- [LISTED ENTRIES]:

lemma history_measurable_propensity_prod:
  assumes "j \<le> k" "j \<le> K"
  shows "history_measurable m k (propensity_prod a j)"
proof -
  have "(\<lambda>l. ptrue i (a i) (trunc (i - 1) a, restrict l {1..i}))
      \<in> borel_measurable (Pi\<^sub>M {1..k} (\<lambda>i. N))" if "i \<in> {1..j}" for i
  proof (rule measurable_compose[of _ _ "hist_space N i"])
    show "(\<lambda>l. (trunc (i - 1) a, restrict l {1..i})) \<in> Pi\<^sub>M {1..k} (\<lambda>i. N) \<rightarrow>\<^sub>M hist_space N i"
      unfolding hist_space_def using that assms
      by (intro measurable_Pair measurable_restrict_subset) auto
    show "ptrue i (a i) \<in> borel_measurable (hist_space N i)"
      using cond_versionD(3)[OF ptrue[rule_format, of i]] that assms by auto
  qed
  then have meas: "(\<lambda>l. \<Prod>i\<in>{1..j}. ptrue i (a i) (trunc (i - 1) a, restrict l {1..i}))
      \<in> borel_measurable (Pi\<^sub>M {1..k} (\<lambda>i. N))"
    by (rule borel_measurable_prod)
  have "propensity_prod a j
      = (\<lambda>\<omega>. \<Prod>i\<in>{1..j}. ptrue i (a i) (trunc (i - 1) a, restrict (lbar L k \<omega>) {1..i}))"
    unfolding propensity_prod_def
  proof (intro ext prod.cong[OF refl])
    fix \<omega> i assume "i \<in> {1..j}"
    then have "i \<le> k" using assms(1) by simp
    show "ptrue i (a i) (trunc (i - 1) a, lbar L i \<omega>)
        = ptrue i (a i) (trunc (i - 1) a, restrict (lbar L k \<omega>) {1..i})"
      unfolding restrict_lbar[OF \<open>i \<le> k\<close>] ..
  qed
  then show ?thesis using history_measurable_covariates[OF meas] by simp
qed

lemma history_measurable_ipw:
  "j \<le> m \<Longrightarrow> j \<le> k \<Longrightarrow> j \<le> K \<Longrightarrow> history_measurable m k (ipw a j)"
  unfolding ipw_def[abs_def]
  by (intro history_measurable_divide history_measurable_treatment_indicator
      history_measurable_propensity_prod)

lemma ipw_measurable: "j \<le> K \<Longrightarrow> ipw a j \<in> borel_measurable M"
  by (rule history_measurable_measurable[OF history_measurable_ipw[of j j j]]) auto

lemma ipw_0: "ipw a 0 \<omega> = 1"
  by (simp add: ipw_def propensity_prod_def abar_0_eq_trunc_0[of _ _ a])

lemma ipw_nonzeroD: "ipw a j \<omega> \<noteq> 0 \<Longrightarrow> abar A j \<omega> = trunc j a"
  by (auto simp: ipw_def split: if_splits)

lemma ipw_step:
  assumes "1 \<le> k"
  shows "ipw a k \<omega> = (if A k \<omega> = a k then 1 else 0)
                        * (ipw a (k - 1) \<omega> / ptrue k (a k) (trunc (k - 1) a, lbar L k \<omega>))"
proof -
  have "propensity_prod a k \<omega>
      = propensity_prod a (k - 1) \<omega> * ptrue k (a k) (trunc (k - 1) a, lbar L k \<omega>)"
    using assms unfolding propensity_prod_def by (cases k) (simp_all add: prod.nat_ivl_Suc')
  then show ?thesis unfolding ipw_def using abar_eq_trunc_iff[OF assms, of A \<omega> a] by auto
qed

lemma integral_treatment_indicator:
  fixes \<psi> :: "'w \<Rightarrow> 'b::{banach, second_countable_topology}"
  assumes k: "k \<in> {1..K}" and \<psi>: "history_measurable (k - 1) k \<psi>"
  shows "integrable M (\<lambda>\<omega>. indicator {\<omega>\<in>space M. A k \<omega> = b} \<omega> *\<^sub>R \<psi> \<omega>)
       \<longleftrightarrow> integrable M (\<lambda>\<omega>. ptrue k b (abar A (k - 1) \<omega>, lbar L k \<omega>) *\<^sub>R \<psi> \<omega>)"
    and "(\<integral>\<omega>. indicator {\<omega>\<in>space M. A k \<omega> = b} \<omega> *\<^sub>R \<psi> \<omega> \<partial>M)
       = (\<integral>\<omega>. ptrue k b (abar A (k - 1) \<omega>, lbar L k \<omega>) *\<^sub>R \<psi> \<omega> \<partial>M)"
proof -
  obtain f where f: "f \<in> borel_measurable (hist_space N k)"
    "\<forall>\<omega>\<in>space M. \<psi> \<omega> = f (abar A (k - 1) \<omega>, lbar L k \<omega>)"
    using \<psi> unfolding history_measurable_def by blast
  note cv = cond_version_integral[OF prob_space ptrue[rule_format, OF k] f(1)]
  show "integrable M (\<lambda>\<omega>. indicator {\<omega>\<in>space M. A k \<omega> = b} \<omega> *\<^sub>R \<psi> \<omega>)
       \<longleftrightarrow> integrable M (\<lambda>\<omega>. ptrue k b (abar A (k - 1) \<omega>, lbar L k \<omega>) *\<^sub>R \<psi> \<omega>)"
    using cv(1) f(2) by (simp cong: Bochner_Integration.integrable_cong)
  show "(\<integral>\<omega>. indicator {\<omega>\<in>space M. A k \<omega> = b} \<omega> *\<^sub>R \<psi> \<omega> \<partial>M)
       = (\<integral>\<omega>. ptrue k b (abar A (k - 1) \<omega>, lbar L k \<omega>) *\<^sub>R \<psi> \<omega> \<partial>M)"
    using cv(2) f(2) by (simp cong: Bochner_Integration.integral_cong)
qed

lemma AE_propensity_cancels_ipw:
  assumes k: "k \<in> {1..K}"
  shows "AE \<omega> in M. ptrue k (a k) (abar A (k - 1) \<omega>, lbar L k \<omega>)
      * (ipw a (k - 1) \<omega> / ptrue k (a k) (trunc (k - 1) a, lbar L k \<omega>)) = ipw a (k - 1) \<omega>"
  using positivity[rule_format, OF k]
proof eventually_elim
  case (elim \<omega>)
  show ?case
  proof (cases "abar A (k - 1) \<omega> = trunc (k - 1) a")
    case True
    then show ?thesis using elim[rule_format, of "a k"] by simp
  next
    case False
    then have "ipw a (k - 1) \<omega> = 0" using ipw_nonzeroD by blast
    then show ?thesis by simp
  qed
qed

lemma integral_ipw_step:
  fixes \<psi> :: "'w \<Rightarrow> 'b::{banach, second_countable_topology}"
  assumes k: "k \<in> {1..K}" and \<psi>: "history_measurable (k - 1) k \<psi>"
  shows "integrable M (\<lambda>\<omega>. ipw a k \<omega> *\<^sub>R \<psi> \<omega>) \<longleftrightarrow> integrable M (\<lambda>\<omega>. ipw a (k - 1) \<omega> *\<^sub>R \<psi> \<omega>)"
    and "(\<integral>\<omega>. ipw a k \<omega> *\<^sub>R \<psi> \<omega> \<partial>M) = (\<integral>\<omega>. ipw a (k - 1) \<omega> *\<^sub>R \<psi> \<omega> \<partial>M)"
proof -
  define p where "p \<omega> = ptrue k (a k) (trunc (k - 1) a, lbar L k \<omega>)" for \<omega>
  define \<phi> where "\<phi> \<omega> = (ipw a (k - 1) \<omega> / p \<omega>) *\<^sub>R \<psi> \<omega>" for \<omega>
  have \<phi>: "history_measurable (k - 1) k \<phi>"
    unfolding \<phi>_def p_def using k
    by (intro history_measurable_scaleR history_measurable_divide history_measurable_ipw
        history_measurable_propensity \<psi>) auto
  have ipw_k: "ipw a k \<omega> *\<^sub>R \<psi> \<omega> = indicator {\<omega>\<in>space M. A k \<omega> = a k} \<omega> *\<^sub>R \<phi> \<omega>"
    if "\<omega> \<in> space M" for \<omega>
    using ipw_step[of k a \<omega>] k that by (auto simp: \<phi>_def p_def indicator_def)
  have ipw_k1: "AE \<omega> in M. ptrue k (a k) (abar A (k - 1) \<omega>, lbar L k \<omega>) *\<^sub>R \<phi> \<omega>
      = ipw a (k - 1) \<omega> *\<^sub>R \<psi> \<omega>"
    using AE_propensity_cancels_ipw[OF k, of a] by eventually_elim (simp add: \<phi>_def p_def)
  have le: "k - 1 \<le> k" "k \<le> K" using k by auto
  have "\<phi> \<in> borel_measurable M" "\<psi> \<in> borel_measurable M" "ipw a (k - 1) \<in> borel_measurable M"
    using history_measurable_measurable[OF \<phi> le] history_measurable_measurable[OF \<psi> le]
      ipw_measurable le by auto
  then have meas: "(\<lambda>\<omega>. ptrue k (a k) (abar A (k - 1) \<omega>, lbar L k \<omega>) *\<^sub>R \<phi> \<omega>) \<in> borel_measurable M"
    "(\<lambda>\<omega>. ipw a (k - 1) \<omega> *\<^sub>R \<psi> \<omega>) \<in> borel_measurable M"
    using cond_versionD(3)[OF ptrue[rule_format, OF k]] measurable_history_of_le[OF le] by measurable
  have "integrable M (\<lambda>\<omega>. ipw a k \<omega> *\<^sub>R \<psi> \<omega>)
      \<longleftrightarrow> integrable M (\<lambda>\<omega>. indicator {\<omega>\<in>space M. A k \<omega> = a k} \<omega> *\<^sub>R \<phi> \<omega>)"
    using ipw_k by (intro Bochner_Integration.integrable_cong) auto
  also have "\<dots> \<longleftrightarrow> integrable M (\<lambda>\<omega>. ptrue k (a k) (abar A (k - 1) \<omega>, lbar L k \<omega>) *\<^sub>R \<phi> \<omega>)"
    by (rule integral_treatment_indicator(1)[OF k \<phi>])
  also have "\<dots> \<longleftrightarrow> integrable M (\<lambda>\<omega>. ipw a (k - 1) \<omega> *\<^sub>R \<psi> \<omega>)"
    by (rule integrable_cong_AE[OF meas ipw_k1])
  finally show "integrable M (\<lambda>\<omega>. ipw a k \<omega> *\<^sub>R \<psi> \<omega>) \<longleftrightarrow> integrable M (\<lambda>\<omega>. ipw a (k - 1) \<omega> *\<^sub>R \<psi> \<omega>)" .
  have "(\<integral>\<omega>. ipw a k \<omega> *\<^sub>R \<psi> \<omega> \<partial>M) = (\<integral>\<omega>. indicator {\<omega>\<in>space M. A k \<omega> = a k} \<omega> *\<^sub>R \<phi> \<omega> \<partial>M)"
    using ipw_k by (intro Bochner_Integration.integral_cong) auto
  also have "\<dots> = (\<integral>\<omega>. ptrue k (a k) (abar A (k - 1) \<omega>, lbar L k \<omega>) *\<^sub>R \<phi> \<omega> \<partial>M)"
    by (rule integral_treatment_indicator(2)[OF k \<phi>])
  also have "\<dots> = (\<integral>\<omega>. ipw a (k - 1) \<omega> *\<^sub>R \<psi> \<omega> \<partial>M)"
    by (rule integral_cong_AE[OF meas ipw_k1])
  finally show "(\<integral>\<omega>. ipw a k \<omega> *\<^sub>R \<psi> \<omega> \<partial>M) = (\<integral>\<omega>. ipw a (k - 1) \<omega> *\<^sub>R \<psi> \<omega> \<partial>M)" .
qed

- [EXERCISE]: Find and copy each line of the data where "that" is present.

- [WRITTEN SOLUTION]:
      unfolding hist_space_def using that assms
      using cond_versionD(3)[OF ptrue[rule_format, of i]] that assms by auto
    using ipw_step[of k a \<omega>] k that by (auto simp: \<phi>_def p_def indicator_def)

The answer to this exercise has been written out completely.